▶ What to work on
Whenever the string "also" turns up in a line of the data below, copy that line.

▶ Data under study
lemma locally_polyhedral_local_cones:
  fixes T :: "'a::euclidean_space set"
  assumes "locally_polyhedral T x"
  obtains r and \<K> :: "'a set set" where "r > 0" "finite \<K>"
    "\<And>K. K \<in> \<K> \<Longrightarrow> polyhedral_cone K"
    "\<And>z. z \<in> T \<Longrightarrow> dist z x < r \<Longrightarrow> \<exists>K\<in>\<K>. z - x \<in> K"
    "\<And>K k. K \<in> \<K> \<Longrightarrow> k \<in> K \<Longrightarrow> eventually (\<lambda>s. x + s *\<^sub>R k \<in> T) (at_right 0)"
proof -
  obtain W C where "open W" "x \<in> W" "x \<in> T" "polyhedral_set C" and TW: "T \<inter> W = C \<inter> W"
    using assms unfolding locally_polyhedral_def by blast
  then have "x \<in> C" by blast
  obtain r\<^sub>C \<K> where "r\<^sub>C > 0" "finite \<K>"
    and cones: "\<And>K. K \<in> \<K> \<Longrightarrow> polyhedral_cone K"
    and near: "\<And>z. z \<in> C \<Longrightarrow> dist z x < r\<^sub>C \<Longrightarrow> \<exists>K\<in>\<K>. z - x \<in> K"
    and ray: "\<And>K k. K \<in> \<K> \<Longrightarrow> k \<in> K \<Longrightarrow> eventually (\<lambda>s. x + s *\<^sub>R k \<in> C) (at_right 0)"
    using polyhedral_set_local_cones[OF \<open>polyhedral_set C\<close> \<open>x \<in> C\<close>] by blast
  obtain r\<^sub>W where "r\<^sub>W > 0" "ball x r\<^sub>W \<subseteq> W"
    using \<open>open W\<close> \<open>x \<in> W\<close> open_contains_ball by blast
  show thesis
  proof (rule that[of "min r\<^sub>C r\<^sub>W" \<K>])
    show "min r\<^sub>C r\<^sub>W > 0" "finite \<K>" using \<open>r\<^sub>C > 0\<close> \<open>r\<^sub>W > 0\<close> \<open>finite \<K>\<close> by auto
    show "polyhedral_cone K" if "K \<in> \<K>" for K
      using cones[OF that] .
    show "\<exists>K\<in>\<K>. z - x \<in> K" if z: "z \<in> T" "dist z x < min r\<^sub>C r\<^sub>W" for z
    proof -
      have "z \<in> W" using z(2) \<open>ball x r\<^sub>W \<subseteq> W\<close> by (auto simp: dist_commute)
      then have "z \<in> C" using z(1) TW by blast
      then show ?thesis using near z(2) by simp
    qed
    show "eventually (\<lambda>s. x + s *\<^sub>R k \<in> T) (at_right 0)" if "K \<in> \<K>" "k \<in> K" for K k
    proof -
      have "((\<lambda>s. x + s *\<^sub>R k) \<longlongrightarrow> x + 0 *\<^sub>R k) (at_right 0)"
        by (intro tendsto_intros)
      then have "eventually (\<lambda>s. x + s *\<^sub>R k \<in> W) (at_right 0)"
        using \<open>open W\<close> \<open>x \<in> W\<close> by (simp add: topological_tendstoD)
      with ray[OF that] show ?thesis
        by eventually_elim (use TW in blast)
    qed
  qed
qed

lemma tangent_cone_of_cone_self:
  assumes "cone T" "x \<in> T"
  shows "x \<in> tangent_cone T x" "- x \<in> tangent_cone T x"
proof -
  have ev: "eventually (\<lambda>s. 0 < s \<and> s < 1) (at_right (0::real))"
    by (auto simp: eventually_at_right_field intro!: exI[of _ 1])
  have "(1 + s) *\<^sub>R x \<in> T" "(1 - s) *\<^sub>R x \<in> T" if "0 < s \<and> s < 1" for s
    using assms that unfolding cone_def by auto
  then have "eventually (\<lambda>s. x + s *\<^sub>R x \<in> T) (at_right 0)"
    "eventually (\<lambda>s. x + s *\<^sub>R (- x) \<in> T) (at_right 0)"
    using ev by (auto elim!: eventually_mono simp: algebra_simps)
  then show "x \<in> tangent_cone T x" "- x \<in> tangent_cone T x"
    using \<open>x \<in> T\<close> by (auto intro: tangent_coneI_ray)
qed

lemma nearest_point_residual_in_polar_tangent_cone:
  fixes p :: "'a::real_inner"
  assumes "x \<in> S" and nearest: "\<And>y. y \<in> S \<Longrightarrow> norm (p - x) \<le> norm (p - y)"
  shows "p - x \<in> polar_cone (tangent_cone S x)"
proof -
  have "((\<lambda>y. (norm (y - p))\<^sup>2) has_derivative (\<lambda>h. 2 * inner (x - p) h)) (at x within S)"
    by (rule has_derivative_norm_sq_diff[OF bounded_linear_ident])
  then have "((\<lambda>y. (norm (y - p))\<^sup>2) has_derivative (\<lambda>h. inner (2 *\<^sub>R (x - p)) h)) (at x within S)"
    by simp
  moreover have "(norm (x - p))\<^sup>2 \<le> (norm (y - p))\<^sup>2" if "y \<in> S" for y
    using nearest[OF that] by (simp add: norm_minus_commute power_mono)
  ultimately have "- (2 *\<^sub>R (x - p)) \<in> polar_cone (tangent_cone S x)"
    by (rule minimizer_neg_gradient_in_polar_tangent_cone[OF \<open>x \<in> S\<close>])
  then have "(1 / 2) *\<^sub>R (- (2 *\<^sub>R (x - p))) \<in> polar_cone (tangent_cone S x)"
    by (rule polar_cone_scaleR) simp
  then show ?thesis by (simp add: algebra_simps)
qed

lemma hyperplane_least_squares_residual_parallel:
  fixes A :: "real^'d^'s" and g :: "real^'d"
  assumes "g \<noteq> 0" "inner g u\<^sub>0 = c"
    and min: "\<And>u. inner g u = c \<Longrightarrow> norm (A *v u\<^sub>0 - t) \<le> norm (A *v u - t)"
  defines "x \<equiv> transpose A *v (A *v u\<^sub>0 - t)"
  shows "x = (inner x g / inner g g) *\<^sub>R g"
proof (rule orthogonal_to_hyperplane_imp_parallel[OF \<open>g \<noteq> 0\<close>])
  let ?H = "{u. inner g u = c}"
  have "((\<lambda>u. (norm (A *v u - t))\<^sup>2) has_derivative (\<lambda>h. 2 * inner (A *v u\<^sub>0 - t) (A *v h)))
      (at u\<^sub>0 within ?H)"
    by (rule has_derivative_norm_sq_diff[OF matrix_vector_mul_bounded_linear])
  then have "((\<lambda>u. (norm (A *v u - t))\<^sup>2) has_derivative (\<lambda>h. inner (2 *\<^sub>R x) h)) (at u\<^sub>0 within ?H)"
    by (simp add: x_def dot_lmul_matrix)
  moreover have "(norm (A *v u\<^sub>0 - t))\<^sup>2 \<le> (norm (A *v u - t))\<^sup>2" if "u \<in> ?H" for u
    using min that by (simp add: power_mono)
  ultimately have normal: "- (2 *\<^sub>R x) \<in> polar_cone (tangent_cone ?H u\<^sub>0)"
    using \<open>inner g u\<^sub>0 = c\<close> by (intro minimizer_neg_gradient_in_polar_tangent_cone) auto
  fix h assume "inner g h = 0"
  then have "u\<^sub>0 + s *\<^sub>R h \<in> ?H" "u\<^sub>0 + s *\<^sub>R (- h) \<in> ?H" for s
    using \<open>inner g u\<^sub>0 = c\<close> by (simp_all add: inner_add_right inner_diff_right)
  then have "h \<in> tangent_cone ?H u\<^sub>0" "- h \<in> tangent_cone ?H u\<^sub>0"
    using \<open>inner g u\<^sub>0 = c\<close> by (auto intro!: tangent_coneI_ray always_eventually)
  then have "inner (- (2 *\<^sub>R x)) h = 0"
    by (rule polar_cone_orthogonal[OF normal])
  then show "inner x h = 0" by simp
qed

lemma multiplier_from_cone_gap_minimizer:
  fixes A :: "real^'d^'s" and g :: "real^'d"
  assumes "cone T"
    and nonneg: "\<And>u. A *v u \<in> T \<Longrightarrow> 0 \<le> inner g u"
    and "inner g u\<^sub>0 = -1" "t\<^sub>0 \<in> T"
    and min: "\<And>u t. inner g u = -1 \<Longrightarrow> t \<in> T \<Longrightarrow> norm (A *v u\<^sub>0 - t\<^sub>0) \<le> norm (A *v u - t)"
  shows "\<exists>w\<in>polar_cone (tangent_cone T t\<^sub>0). g + transpose A *v w = 0"
proof -
  define r where "r = A *v u\<^sub>0 - t\<^sub>0"
  have "r \<noteq> 0"
  proof
    assume "r = 0"
    then have "A *v u\<^sub>0 \<in> T" using \<open>t\<^sub>0 \<in> T\<close> by (simp add: r_def)
    then show False using nonneg[of u\<^sub>0] \<open>inner g u\<^sub>0 = -1\<close> by simp
  qed
  have r_normal: "r \<in> polar_cone (tangent_cone T t\<^sub>0)"
    unfolding r_def using \<open>t\<^sub>0 \<in> T\<close> min[OF \<open>inner g u\<^sub>0 = -1\<close>]
    by (rule nearest_point_residual_in_polar_tangent_cone)
  have "inner r t\<^sub>0 = 0"
    using tangent_cone_of_cone_self[OF \<open>cone T\<close> \<open>t\<^sub>0 \<in> T\<close>] by (rule polar_cone_orthogonal[OF r_normal])
  have "g \<noteq> 0" using \<open>inner g u\<^sub>0 = -1\<close> by auto
  define c where "c = inner (transpose A *v r) g / inner g g"
  have parallel: "transpose A *v r = c *\<^sub>R g"
    unfolding c_def r_def using \<open>g \<noteq> 0\<close> \<open>inner g u\<^sub>0 = -1\<close> min \<open>t\<^sub>0 \<in> T\<close>
    by (intro hyperplane_least_squares_residual_parallel) auto
  have "- c = inner (transpose A *v r) u\<^sub>0"
    unfolding parallel using \<open>inner g u\<^sub>0 = -1\<close> by simp
  also have "\<dots> = inner r (r + t\<^sub>0)"
    by (simp add: dot_lmul_matrix r_def)
  also have "\<dots> = inner r r"
    using \<open>inner r t\<^sub>0 = 0\<close> by (simp add: inner_add_right)
  finally have "c = - inner r r" by simp
  moreover have "inner r r > 0" using \<open>r \<noteq> 0\<close> by simp
  ultimately have "g + transpose A *v ((1 / inner r r) *\<^sub>R r) = 0"
    by (simp only: matrix_vector_mult_scaleR parallel) simp
  moreover have "(1 / inner r r) *\<^sub>R r \<in> polar_cone (tangent_cone T t\<^sub>0)"
    using r_normal \<open>inner r r > 0\<close> by (simp add: polar_cone_scaleR)
  ultimately show ?thesis by blast
qed

definition cone_gap :: "real^'d^'s \<Rightarrow> real^'d \<Rightarrow> (real^'s) set \<Rightarrow> real" where
  "cone_gap A g T = Inf {norm (A *v u - t) | u t. inner g u = -1 \<and> t \<in> T}"

lemma cone_gap_le: "inner g u = -1 \<Longrightarrow> t \<in> T \<Longrightarrow> cone_gap A g T \<le> norm (A *v u - t)"
  unfolding cone_gap_def by (intro cInf_lower) (auto intro: bdd_belowI[of _ 0])

lemma feasible_pair_orthogonal_to_lineality:
  fixes A :: "real^'d^'s" and g :: "real^'d"
  assumes "inner g u = -1" "t \<in> T"
  obtains u' t' where "inner g u' = -1" "t' \<in> T" "A *v u' - t' = A *v u - t"
    "\<And>n. inner g n = 0 \<Longrightarrow> A *v n \<in> Lsp T \<Longrightarrow> inner u' n = 0"
proof -
  define N where "N = {n. inner g n = 0} \<inter> {n. A *v n \<in> Lsp T}"
  have "subspace N"
    unfolding N_def
    by (intro subspace_inter subspace_hyperplane
        linear_subspace_linear_preimage[OF matrix_vector_mul_linear subspace_Lsp])
  then have "span N = N"
    by (rule span_eq_iff[THEN iffD2])
  obtain y z where "y \<in> N" and z_orth: "\<And>n. n \<in> N \<Longrightarrow> inner z n = 0" and "u = y + z"
    using orthogonal_subspace_decomp_exists[of N u] unfolding \<open>span N = N\<close> orthogonal_def by blast
  then have "A *v y \<in> Lsp T" "inner g y = 0"
    by (simp_all add: N_def)
  then have "t + (-1) *\<^sub>R (A *v y) \<in> T"
    using \<open>t \<in> T\<close> by (simp only: Lsp_translate)
  show thesis
  proof (rule that[of z "t - A *v y"])
    show "inner g z = -1"
      using assms(1) \<open>u = y + z\<close> \<open>inner g y = 0\<close> by (simp add: inner_add_right)
    show "t - A *v y \<in> T"
      using \<open>t + (-1) *\<^sub>R (A *v y) \<in> T\<close> by simp
    show "A *v z - (t - A *v y) = A *v u - t"
      using \<open>u = y + z\<close> by (simp add: matrix_vector_right_distrib)
    show "inner z n = 0" if "inner g n = 0" "A *v n \<in> Lsp T" for n
      using z_orth that by (simp add: N_def)
  qed
qed

lemma cone_gap_minimizing_sequence:
  fixes A :: "real^'d^'s" and g :: "real^'d"
  assumes "g \<noteq> 0" "T \<noteq> {}"
  obtains u t where "\<And>k. inner g (u k) = -1" "\<And>k. t k \<in> T"
    "\<And>k n. inner g n = 0 \<Longrightarrow> A *v n \<in> Lsp T \<Longrightarrow> inner (u k) n = 0"
    "(\<lambda>k. norm (A *v u k - t k)) \<longlonglongrightarrow> cone_gap A g T"
proof -
  let ?G = "{norm (A *v u - t) | u t. inner g u = -1 \<and> t \<in> T}"
  obtain t\<^sub>0 where "t\<^sub>0 \<in> T" using \<open>T \<noteq> {}\<close> by blast
  moreover have "inner g ((- 1 / inner g g) *\<^sub>R g) = -1" using \<open>g \<noteq> 0\<close> by simp
  ultimately have "?G \<noteq> {}" by blast
  moreover have "bdd_below ?G" by (rule bdd_belowI[of _ 0]) auto
  ultimately have "Inf ?G \<in> closure ?G" by (rule closure_contains_Inf)
  then obtain d where d: "\<And>k. d k \<in> ?G" and "d \<longlonglongrightarrow> cone_gap A g T"
    unfolding closure_sequential cone_gap_def by blast
  have "\<forall>k. \<exists>u t. inner g u = -1 \<and> t \<in> T \<and>
      (\<forall>n. inner g n = 0 \<longrightarrow> A *v n \<in> Lsp T \<longrightarrow> inner u n = 0) \<and> norm (A *v u - t) = d k"
  proof
    fix k
    obtain u t where "inner g u = -1" "t \<in> T" "d k = norm (A *v u - t)"
      using d[of k] by blast
    moreover obtain u' t' where "inner g u' = -1" "t' \<in> T" "A *v u' - t' = A *v u - t"
      "\<And>n. inner g n = 0 \<Longrightarrow> A *v n \<in> Lsp T \<Longrightarrow> inner u' n = 0"
      using feasible_pair_orthogonal_to_lineality[where A = A, OF calculation(1,2)] by blast
    ultimately show "\<exists>u t. inner g u = -1 \<and> t \<in> T \<and>
        (\<forall>n. inner g n = 0 \<longrightarrow> A *v n \<in> Lsp T \<longrightarrow> inner u n = 0) \<and> norm (A *v u - t) = d k"
      by (intro exI[of _ u'] exI[of _ t']) simp
  qed
  then obtain u t where "\<And>k. inner g (u k) = -1" "\<And>k. t k \<in> T"
    "\<And>k n. inner g n = 0 \<Longrightarrow> A *v n \<in> Lsp T \<Longrightarrow> inner (u k) n = 0"
    "\<And>k. norm (A *v u k - t k) = d k"
    by metis
  with \<open>d \<longlonglongrightarrow> cone_gap A g T\<close> show thesis
    by (intro that[of u t]) simp_all
qed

▶ Answer to the problem
  also have "\<dots> = inner r (r + t\<^sub>0)"
  also have "\<dots> = inner r r"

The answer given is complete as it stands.